Needed from the data below: all lines that contain the word "exists".

Stored data entries
········

lemma invariant_proximal_pair_proximal_parts:
  assumes "E \<subseteq> A" "H \<subseteq> B" "closed E" "closed H" "geod_convex E" "geod_convex H" "bounded H"
    and "\<exists>x\<in>E. \<exists>y\<in>H. dist x y = D"
    and invariant: "\<And>x y. x \<in> E \<Longrightarrow> y \<in> H \<Longrightarrow> dist x y = D \<Longrightarrow> T x \<in> H \<and> T y \<in> E"
  shows "invariant_proximal_pair (proximal_part E H D) (proximal_part H E D)"
proof -
  let ?E = "proximal_part E H D" and ?H = "proximal_part H E D"
  have pair: "x \<in> ?E \<and> y \<in> ?H" if "x \<in> E" "y \<in> H" "dist x y = D" for x y
    using that by (auto simp: mem_proximal_part dist_commute)
  have E_partner: "\<exists>y\<in>H. dist x y = D" if "x \<in> ?E" for x
    using that by (simp add: mem_proximal_part)
  have H_partner: "\<exists>x\<in>E. dist x y = D" if "y \<in> ?H" for y
    using that by (auto simp: mem_proximal_part dist_commute)
  have T_pair: "T x \<in> ?H \<and> T y \<in> ?E" if "x \<in> E" "y \<in> H" "dist x y = D" for x y
  proof -
    have "dist (T y) (T x) = D" using dist_T_eq_D[of x y] that assms(1,2) by (auto simp: dist_commute)
    then show ?thesis using pair[of "T y" "T x"] invariant[OF that] by blast
  qed
  have "E \<noteq> {}" "H \<noteq> {}" using assms(8) by blast+
  have bound: "D \<le> dist x y" "D \<le> dist y x" if "x \<in> E" "y \<in> H" for x y
    using setdist_le_dist[of x A y B] that assms(1,2) by (auto simp: dist_commute)
  note closed_convex = closed_geod_convex_proximal_part
  show ?thesis
    unfolding invariant_proximal_pair_def
  proof (intro conjI)
    show "?E \<subseteq> A" "?H \<subseteq> B" using assms(1,2) by (auto simp: mem_proximal_part)
    show "?E \<noteq> {}" "?H \<noteq> {}" using assms(8) pair by blast+
    show "closed ?E" "geod_convex ?E"
      using closed_convex[OF assms(3,5) \<open>H \<noteq> {}\<close> assms(4,6)] bound(1) by blast+
    show "closed ?H" "geod_convex ?H"
      using closed_convex[OF assms(4,6) \<open>E \<noteq> {}\<close> assms(3,5)] bound(2) by blast+
    show "bounded ?E" using bounded_proximal_part[OF assms(7)] .
    show "bounded ?H" using assms(7) by (rule bounded_subset) (auto simp: mem_proximal_part)
    show "T ` ?E \<subseteq> ?H" using E_partner T_pair by (fastforce simp: mem_proximal_part)
    show "T ` ?H \<subseteq> ?E" using H_partner T_pair by (fastforce simp: mem_proximal_part)
    show "?E \<subseteq> proximal_part ?E ?H D" using E_partner pair by (fastforce simp: mem_proximal_part)
    show "?H \<subseteq> proximal_part ?H ?E D"
      using H_partner pair by (fastforce simp: mem_proximal_part dist_commute)
  qed
qed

········

Task output:
    and "\<exists>x\<in>E. \<exists>y\<in>H. dist x y = D"
  have E_partner: "\<exists>y\<in>H. dist x y = D" if "x \<in> ?E" for x
  have H_partner: "\<exists>x\<in>E. dist x y = D" if "y \<in> ?H" for y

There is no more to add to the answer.